Biliary Stricture


Major Spencer
A biliary, or bile duct, stricture, is an abnormal narrowing of the common bile duct. Dr. Jerman, what can you tell us about biliary strictures?

Dr. Jerman
Well, Major Spencer, a biliary stricture is often caused by injury to the bile ducts during surgery. This may happen, for example, after surgery to remove the gallbladder. Injury may cause damage or scar tissue that narrows the bile duct, which prevents bile from moving from the liver to the small intestine. Bile that builds up in the liver can damage liver cells and cause scarring, called cirrhosis.

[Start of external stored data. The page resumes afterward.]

lemma l_entry_rev:
  "l_entry (rev I) (rev J) (rev K) (rev K') = of_bool (\<exists>R. K = R @ J \<and> K' = R @ I)"
proof -
  have "(\<exists>R. rev K = rev J @ R \<and> rev K' = rev I @ R) \<longleftrightarrow> (\<exists>R. K = R @ J \<and> K' = R @ I)"
    by (metis rev_append rev_rev_ident)
  then show ?thesis by (simp add: l_entry_def)
qed

lemma act_GF:
  "act (GF l1 l2 I J l3 l4) (a, K, b) y = of_bool (a = l2 \<and> K = J \<and> b = l4 \<and> y = (l1, I, l3))"
  by (simp add: act.simps)

lemma act_GL:
  "act (GL l1 l2 I J) (a, K, b) (a', K', b') = of_bool (a = l2 \<and> a' = l1 \<and> b' = b) * l_entry I J K K'"
proof -
  have "(\<Sum>i\<in>{0..length K}. if take i K = J \<and> (a', K', b') = (l1, I @ drop i K, b) then 1 else 0)
     = (of_bool (\<exists>i\<in>{0..length K}. take i K = J \<and> (a', K', b') = (l1, I @ drop i K, b)) :: complex)"
    unfolding of_bool_def[symmetric]
    by (rule sum_of_bool_unique) (simp_all, metis length_take min.absorb2)
  also have "\<dots> = of_bool (a' = l1 \<and> b' = b) * l_entry I J K K'"
    using ex_prefix_split_iff[of K J K' I] by (simp add: l_entry_def of_bool_conj[symmetric]) blast
  finally show ?thesis by (simp add: act.simps of_bool_conj)
qed

lemma act_GR:
  "act (GR I J l1 l2) (a, K, b) (a', K', b') =
     of_bool (b = l2 \<and> b' = l1 \<and> a' = a) * l_entry (rev I) (rev J) (rev K) (rev K')"
proof -
  have "(\<Sum>i\<in>{0..length K}. if drop i K = J \<and> (a', K', b') = (a, take i K @ I, l1) then 1 else 0)
     = (of_bool (\<exists>i\<in>{0..length K}. drop i K = J \<and> (a', K', b') = (a, take i K @ I, l1)) :: complex)"
    unfolding of_bool_def[symmetric]
    by (rule sum_of_bool_unique) (simp_all, metis length_drop diff_diff_cancel)
  also have "\<dots> = of_bool (a' = a \<and> b' = l1) * l_entry (rev I) (rev J) (rev K) (rev K')"
    using ex_suffix_split_iff[of K J K' I] by (simp add: l_entry_rev of_bool_conj[symmetric]) blast
  finally show ?thesis by (simp add: act.simps of_bool_conj)
qed

lemma act_GS_peel:
  "act (GS I J) (a, K, b) (a', K', b') =
     of_bool (a' = a \<and> b' = b) * l_entry I J K K'
     + of_bool (K \<noteq> [] \<and> K' \<noteq> [] \<and> hd K = hd K') * act (GS I J) (a, tl K, b) (a', tl K', b')"
proof (cases K)
  case Nil
  have "{(i, j). i \<le> j \<and> j \<le> (0::nat)} = {(0, 0)}" by auto
  then show ?thesis using Nil act_GL[of a a I J a "[]" b a' K' b'] by (simp add: act.simps)
next
  case (Cons k K0)
  let ?F = "\<lambda>i j. if take (j - i) (drop i K) = J \<and> (a', K', b') = (a, take i K @ I @ drop j K, b) then 1 else (0::complex)"
  have "act (GS I J) (a, K, b) (a', K', b') = (\<Sum>(i, j)\<in>{(i, j). i \<le> j \<and> j \<le> length K}. ?F i j)"
    by (simp add: act.simps)
  also have "\<dots> = (\<Sum>j\<in>{0..length K}. ?F 0 j)
      + (\<Sum>(i, j)\<in>{(i, j). i \<le> j \<and> j \<le> length K0}. ?F (Suc i) (Suc j))"
    using Cons sum_ordered_pairs_Suc[of ?F "length K0"] by simp
  also have "(\<Sum>j\<in>{0..length K}. ?F 0 j) = of_bool (a' = a \<and> b' = b) * l_entry I J K K'"
    using act_GL[of a a I J a K b a' K' b'] by (simp add: act.simps)
  also have "(\<Sum>(i, j)\<in>{(i, j). i \<le> j \<and> j \<le> length K0}. ?F (Suc i) (Suc j))
     = of_bool (K' \<noteq> [] \<and> hd K' = k) * act (GS I J) (a, K0, b) (a', tl K', b')"
  proof -
    have "?F (Suc i) (Suc j) = of_bool (K' \<noteq> [] \<and> hd K' = k) *
        (if take (j - i) (drop i K0) = J \<and> (a', tl K', b') = (a, take i K0 @ I @ drop j K0, b) then 1 else 0)"
      for i j using Cons by (cases K') auto
    then show ?thesis by (simp add: act.simps sum_distrib_left case_prod_beta)
  qed
  finally show ?thesis using Cons by simp
qed

(* The coefficient of s^K' in (sum_(I,J) f (I, J) l^I_J) s^K: the summands are the splittings
   K = J R, K' = I R, indexed by i = |J| and j = |I|. *)
definition l_comb :: "(nat list \<times> nat list \<Rightarrow> complex) \<Rightarrow> nat list \<Rightarrow> nat list \<Rightarrow> complex" where
  "l_comb f K K' =
     (\<Sum>i\<le>length K. \<Sum>j\<le>length K'. of_bool (drop i K = drop j K') * f (take j K', take i K))"

lemma l_comb_sum:
  "l_comb (\<lambda>p. \<Sum>g\<in>S. c g * e g p) K K' = (\<Sum>g\<in>S. c g * l_comb (e g) K K')"
  unfolding l_comb_def sum_distrib_left
  by (subst sum.swap, rule sum.cong, simp, subst sum.swap) (simp add: algebra_simps)

lemma l_comb_zero [simp]: "l_comb (\<lambda>_. 0) K K' = 0"
  by (simp add: l_comb_def)

lemma l_comb_scale: "l_comb (\<lambda>p. x * f p) K K' = x * l_comb f K K'"
  unfolding l_comb_def sum_distrib_left by (intro sum.cong refl) (simp only: mult.left_commute)

lemma l_comb_diff: "l_comb (\<lambda>p. f p - h p) K K' = l_comb f K K' - l_comb h K K'"
  by (simp add: l_comb_def sum_subtractf algebra_simps)

lemma l_comb_indicator:
  assumes "\<And>I J I' J'. (I, J) \<in> A \<Longrightarrow> (I', J') \<in> A \<Longrightarrow> length I = length I' \<and> length J = length J'"
  shows "l_comb (\<lambda>p. of_bool (p \<in> A)) K K' = of_bool (\<exists>(I, J)\<in>A. \<exists>R. K = J @ R \<and> K' = I @ R)"
proof -
  let ?split = "\<lambda>(i, j). drop i K = drop j K' \<and> (take j K', take i K) \<in> A"
  have "l_comb (\<lambda>p. of_bool (p \<in> A)) K K' = (\<Sum>ij\<in>{..length K} \<times> {..length K'}. of_bool (?split ij))"
    unfolding l_comb_def sum.cartesian_product
    by (rule sum.cong) (auto simp: of_bool_conj)
  also have "\<dots> = of_bool (\<exists>ij\<in>{..length K} \<times> {..length K'}. ?split ij)"
  proof (rule sum_of_bool_unique)
    fix ij ij' assume "ij \<in> {..length K} \<times> {..length K'}" "ij' \<in> {..length K} \<times> {..length K'}"
      and "?split ij" "?split ij'"
    then show "ij = ij'"
      using assms[of "take (snd ij) K'" "take (fst ij) K" "take (snd ij') K'" "take (fst ij') K"]
      by (auto simp: min_absorb2)
  qed simp
  also have "(\<exists>ij\<in>{..length K} \<times> {..length K'}. ?split ij)
      \<longleftrightarrow> (\<exists>(I, J)\<in>A. \<exists>R. K = J @ R \<and> K' = I @ R)"
  proof
    assume "\<exists>ij\<in>{..length K} \<times> {..length K'}. ?split ij"
    then obtain i j where "drop i K = drop j K'" "(take j K', take i K) \<in> A" by auto
    then show "\<exists>(I, J)\<in>A. \<exists>R. K = J @ R \<and> K' = I @ R"
      by (intro bexI[of _ "(take j K', take i K)"]) (simp_all, metis append_take_drop_id)
  next
    assume "\<exists>(I, J)\<in>A. \<exists>R. K = J @ R \<and> K' = I @ R"
    then obtain I J R where "(I, J) \<in> A" "K = J @ R" "K' = I @ R" by blast
    then show "\<exists>ij\<in>{..length K} \<times> {..length K'}. ?split ij"
      by (intro bexI[of _ "(length J, length I)"]) auto
  qed
  finally show ?thesis .
qed

lemma l_comb_single:
  "l_comb (\<lambda>p. of_bool (p = (I, J))) K K' = l_entry I J K K'"
  using l_comb_indicator[of "{(I, J)}" K K'] by (simp add: l_entry_def)

lemma l_comb_common_head:
  "l_comb (\<lambda>(P, Q). of_bool (P \<noteq> [] \<and> Q \<noteq> [] \<and> hd P = hd Q \<and> tl P = I \<and> tl Q = J)) K K'
     = of_bool (K \<noteq> [] \<and> K' \<noteq> [] \<and> hd K = hd K') * l_entry I J (tl K) (tl K')"
proof -
  let ?A = "range (\<lambda>h. (h # I, h # J))"
  have indicator: "(\<lambda>(P, Q). of_bool (P \<noteq> [] \<and> Q \<noteq> [] \<and> hd P = hd Q \<and> tl P = I \<and> tl Q = J))
      = (\<lambda>p. of_bool (p \<in> ?A))"
    by (auto simp: fun_eq_iff neq_Nil_conv)
  have "l_comb (\<lambda>p. of_bool (p \<in> ?A)) K K' = of_bool (\<exists>(P, Q)\<in>?A. \<exists>R. K = Q @ R \<and> K' = P @ R)"
    by (rule l_comb_indicator) auto
  also have "\<dots> = of_bool (K \<noteq> [] \<and> K' \<noteq> [] \<and> hd K = hd K') * l_entry I J (tl K) (tl K')"
    by (cases K; cases K') (auto simp: l_entry_def)
  finally show ?thesis unfolding indicator .
qed

lemma l_comb_triangular:
  assumes "\<And>i P'. i < length Q \<Longrightarrow> f (P', take i Q) = 0"
  shows "l_comb f Q P = f (P, Q)"
proof -
  have "of_bool (drop i Q = drop j P) * f (take j P, take i Q) = of_bool (i = length Q \<and> j = length P) * f (P, Q)"
    if "i \<le> length Q" "j \<le> length P" for i j
    using that assms[of i] by (cases "i < length Q") auto
  then have "l_comb f Q P = (\<Sum>i\<le>length Q. \<Sum>j\<le>length P. of_bool (i = length Q \<and> j = length P) * f (P, Q))"
    unfolding l_comb_def by (intro sum.cong) auto
  also have "\<dots> = f (P, Q)"
    by (simp add: of_bool_conj mult.assoc flip: sum_distrib_left)
  finally show ?thesis .
qed

lemma l_comb_eq_zero_imp_zero:
  assumes vanish: "\<And>K K'. valid_seq \<Lambda> K \<Longrightarrow> l_comb f K K' = 0" and "valid_seq \<Lambda> Q"
  shows "f (P, Q) = 0"
  using assms(2)
proof (induction Q arbitrary: P rule: length_induct)
  case (1 Q)
  have "f (P', take i Q) = 0" if "i < length Q" for P' i
  proof -
    have "length (take i Q) < length Q" "valid_seq \<Lambda> (take i Q)"
      using that 1(2) set_take_subset[of i Q] by (auto simp: valid_seq_def)
    then show ?thesis using 1(1) by blast
  qed
  then have "l_comb f Q P = f (P, Q)" by (rule l_comb_triangular)
  then show ?case using vanish 1(2) by simp
qed

lemma l_comb_independent:
  assumes "\<And>K K'. valid_seq \<Lambda> K \<Longrightarrow> (\<Sum>g\<in>S. c g * l_comb (e g) K K') = 0" and "valid_seq \<Lambda> Q"
  shows "(\<Sum>g\<in>S. c g * e g (P, Q)) = 0"
  using l_comb_eq_zero_imp_zero[of \<Lambda> "\<lambda>p. \<Sum>g\<in>S. c g * e g p"] assms by (simp add: l_comb_sum)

In addition to gallbladder surgery, other causes of biliary stricture can include:

  • Cancer of the bile duct, liver, or pancreas
  • Damage and scarring due to a biliary stone, or a gallstone lodged in the bile duct
  • Pancreatitis, and
  • Primary sclerosing cholangitis, a disease caused by inflammation of the bile ducts

Symptoms of biliary stricture can include:

  • Abdominal pain on the upper right side
  • Chills and fever
  • Itching
  • Jaundice, or yellowing of the eyes and skin
  • Nausea and vomiting, and
  • Pale or clay-colored stool

Treatment for biliary stricture may include surgery to remove the stricture and rejoin the common bile duct to the small intestine, or in some cases, to place a stent in the bile duct to keep the stricture open.